Bulgaria: Energy company NEK reports financial stabilization in 1Q 2015, SEE Energy News
Bulgaria’s state-owned National Electricity Company (NEK) reported it turned to а pre-tax profit of 12.8MEUR in the 1Q 2015.
The positive results are due to a 67% increase to 1.535 billion kWh in the output of big hydropower plants, in the three-month period and that fact that the energy system is operating at higher capacity, the company said in a financial report.
In the same report NEK said its parent, the Bulgarian Energy Holding, posted an after-tax profit of 40.36MEUR in the three months trough March, up by 2.8% on the year.
In its annual financial report released earlier this week, NEK said its net loss more than doubled to 299MEUR in 2014 from 111MEUR a year before. NEK more than halved its own capital to 818MEUR.
Its liabilities grew to more than 1.1 billion levsfrom 771 million levs in 2013. However, NEK repaid its parent company BEH over 100 million levs in debts last year.
Electricity sales generated 2 billion levs in revenues for NEK in 2014, down from 2.6 billion levs a year earlier.
In February Bulgaria’s parliament approved amendments to the country’s energy legislation aiming to stabilize financially the energy sector. The amendments envisaged the exclusion of TPPs, whose operations are inefficient, from the country’s energy mix, and curbing power production from biomass, among others.
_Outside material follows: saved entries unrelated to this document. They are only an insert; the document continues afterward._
lemma sigma2_nonneg: "0 \<le> sigma2 W"
proof -
  define s where "s = sorted_list_of_multiset (proots (charpoly (transpose W ** W)))"
  have "0 \<le> rev s ! 1" if "2 \<le> length s"
  proof -
    have "rev s ! 1 \<in># proots (charpoly (transpose W ** W))"
      using that nth_mem[of 1 "rev s"] by (simp add: s_def)
    then show ?thesis
      using gram_eigenvalue_bounds(1) proots_gram_iff by blast
  qed
  then show ?thesis
    by (simp add: sigma2_def singular_values_def s_def[symmetric])
qed

text \<open>The residual \<open>r\<close> is orthogonal to the hyperplane \<open>\<Sum>v = 0\<close> by the first-order condition at
  the maximiser, and lies in it.\<close>
lemma gram_eigenvector_of_maximizer:
  assumes v0_sum: "(\<Sum>i\<in>UNIV. v0 $ i) = 0" and "norm v0 = 1"
    and maximal: "\<And>y. (\<Sum>i\<in>UNIV. y $ i) = 0 \<Longrightarrow> (norm (W *v y))\<^sup>2 \<le> (norm (W *v v0))\<^sup>2 * (norm y)\<^sup>2"
  shows "(transpose W ** W) *v v0 = (norm (W *v v0))\<^sup>2 *\<^sub>R v0"
proof -
  define \<mu> where "\<mu> = (norm (W *v v0))\<^sup>2"
  define r where "r = (transpose W ** W) *v v0 - \<mu> *\<^sub>R v0"
  have orthogonal: "inner r w = 0" if w_sum: "(\<Sum>i\<in>UNIV. w $ i) = 0" for w
  proof (rule linear_coeff_eq_0_if_quadratic_nonpos)
    fix t :: real
    have "(\<Sum>i\<in>UNIV. (v0 + t *\<^sub>R w) $ i) = 0"
      using v0_sum w_sum by (simp add: sum.distrib flip: sum_distrib_left)
    then have "(norm (W *v (v0 + t *\<^sub>R w)))\<^sup>2 \<le> \<mu> * (norm (v0 + t *\<^sub>R w))\<^sup>2"
      using maximal unfolding \<mu>_def by blast
    moreover have "(norm (W *v (v0 + t *\<^sub>R w)))\<^sup>2
        = \<mu> + 2 * t * inner (W *v v0) (W *v w) + t\<^sup>2 * (norm (W *v w))\<^sup>2"
      by (simp add: matrix_vector_right_distrib matrix_vector_mult_scaleR power2_norm_add_scaleR \<mu>_def)
    moreover have "(norm (v0 + t *\<^sub>R w))\<^sup>2 = 1 + 2 * t * inner v0 w + t\<^sup>2 * (norm w)\<^sup>2"
      using \<open>norm v0 = 1\<close> by (simp add: power2_norm_add_scaleR)
    moreover have "inner (W *v v0) (W *v w) = inner r w + \<mu> * inner v0 w"
    proof -
      have "inner r w = inner ((transpose W ** W) *v v0) w - \<mu> * inner v0 w"
        by (simp add: r_def inner_diff_left)
      moreover have "inner ((transpose W ** W) *v v0) w = inner (W *v v0) (W *v w)"
        using inner_gram[of w v0] by (simp add: inner_commute)
      ultimately show ?thesis
        by linarith
    qed
    ultimately have "\<mu> + 2 * t * (inner r w + \<mu> * inner v0 w) + t\<^sup>2 * (norm (W *v w))\<^sup>2
        \<le> \<mu> * (1 + 2 * t * inner v0 w + t\<^sup>2 * (norm w)\<^sup>2)"
      by simp
    then show "2 * t * inner r w + t\<^sup>2 * ((norm (W *v w))\<^sup>2 - \<mu> * (norm w)\<^sup>2) \<le> 0"
      by (simp add: algebra_simps)
  qed
  have "(\<Sum>i\<in>UNIV. r $ i) = 0"
    using v0_sum by (simp add: r_def sum_subtractf sum_gram_mult flip: sum_distrib_left)
  then have "r = 0"
    using orthogonal[of r] by simp
  then show ?thesis
    by (simp add: r_def \<mu>_def)
qed

text \<open>The eigenvalue \<open>\<mu>\<close> of \<open>v0 \<bottom> \<one>\<close> and the eigenvalue \<open>1\<close> of \<open>\<one>\<close> are two roots \<open>\<ge> \<mu>\<close> of the
  characteristic polynomial, counted with multiplicity also when \<open>\<mu> = 1\<close>.\<close>
lemma gram_eigenvalue_le_sigma2:
  assumes "v0 \<noteq> 0" and v0_sum: "(\<Sum>i\<in>UNIV. v0 $ i) = 0"
    and eigen: "(transpose W ** W) *v v0 = \<mu> *\<^sub>R v0"
  shows "\<mu> \<le> (sigma2 W)\<^sup>2"
proof (rule sigma2_ge_if_two_roots_ge)
  define p where "p = charpoly (transpose W ** W)"
  have "0 \<le> \<mu>" "\<mu> \<le> 1"
    using gram_eigenvalue_bounds[OF \<open>v0 \<noteq> 0\<close> eigen] by auto
  then show "0 \<le> \<mu>"
    by simp
  have "{#\<mu>, 1#} \<subseteq># proots p"
  proof (cases "\<mu> = 1")
    case False
    have "\<mu> \<in># proots p"
      unfolding p_def proots_gram_iff using \<open>v0 \<noteq> 0\<close> eigen by blast
    moreover have "1 \<in># proots p"
      unfolding p_def proots_gram_iff by (intro exI[of _ "\<chi> i. 1"]) (simp add: vec_eq_iff gram_one)
    ultimately show ?thesis
      using False by (simp add: insert_subset_eq_iff in_diff_count)
  next
    case True
    obtain i1 i2 where "v0 $ i1 \<noteq> v0 $ i2"
      using nonconstant_if_sum_zero[OF \<open>v0 \<noteq> 0\<close> v0_sum] by blast
    then have "[:-1, 1:]^2 dvd p"
      using charpoly_double_root_1_of_fixed_vectors[OF gram_one] eigen True by (simp add: p_def)
    then have "2 \<le> order 1 p"
      using order_divides[of 1 2 p] charpoly_gram_nonzero by (simp add: p_def)
    then show ?thesis
      using True charpoly_gram_nonzero by (simp add: p_def subseteq_mset_def)
  qed
  then have "size (filter_mset (\<lambda>y. \<mu> \<le> y) {#\<mu>, 1#}) \<le> size (filter_mset (\<lambda>y. \<mu> \<le> y) (proots p))"
    by (intro size_mset_mono multiset_filter_mono)
  then show "2 \<le> size (filter_mset (\<lambda>y. \<mu> \<le> y) (proots (charpoly (transpose W ** W))))"
    using \<open>\<mu> \<le> 1\<close> by (simp add: p_def)
qed

lemma power2_norm_matrix_vector_mult_sum_zero_le:
  assumes "(\<Sum>i\<in>UNIV. v $ i) = 0"
  shows "(norm (W *v v))\<^sup>2 \<le> (sigma2 W)\<^sup>2 * (norm v)\<^sup>2"
proof (cases "v = 0")
  case False
  then obtain v0 where v0: "(\<Sum>i\<in>UNIV. v0 $ i) = 0" "norm v0 = 1"
    and maximal: "\<And>y. (\<Sum>i\<in>UNIV. y $ i) = 0 \<Longrightarrow> (norm (W *v y))\<^sup>2 \<le> (norm (W *v v0))\<^sup>2 * (norm y)\<^sup>2"
    using exists_maximizer_on_sum_zero_sphere assms by metis
  have "(transpose W ** W) *v v0 = (norm (W *v v0))\<^sup>2 *\<^sub>R v0"
    using v0 maximal by (rule gram_eigenvector_of_maximizer)
  moreover have "v0 \<noteq> 0"
    using v0(2) by auto
  ultimately have "(norm (W *v v0))\<^sup>2 \<le> (sigma2 W)\<^sup>2"
    using gram_eigenvalue_le_sigma2 v0(1) by blast
  then show ?thesis
    using maximal[OF assms] by (meson mult_right_mono order_trans zero_le_power2)
qed simp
In April the Bulgarian units of US companies AES and ContourGlobal agreed with NEK on a decrease by 14% and 17%, respectively, in the capacity price for electricity produced by their coal-fired plants in the southeast of the country. For its part, NEK agreed to pay all arrears to the two companies amounting to a total of 700 million levs.
The agreement with NEK for an amendment to the Power Purchase Agreements (PPAs) that the plants have with the utility will result in cumulative savings for NEK of about 1.0 billion levs andannual savings of about 100 million levs over the remaining term of the PPAs, the Bulgarian government said at the time.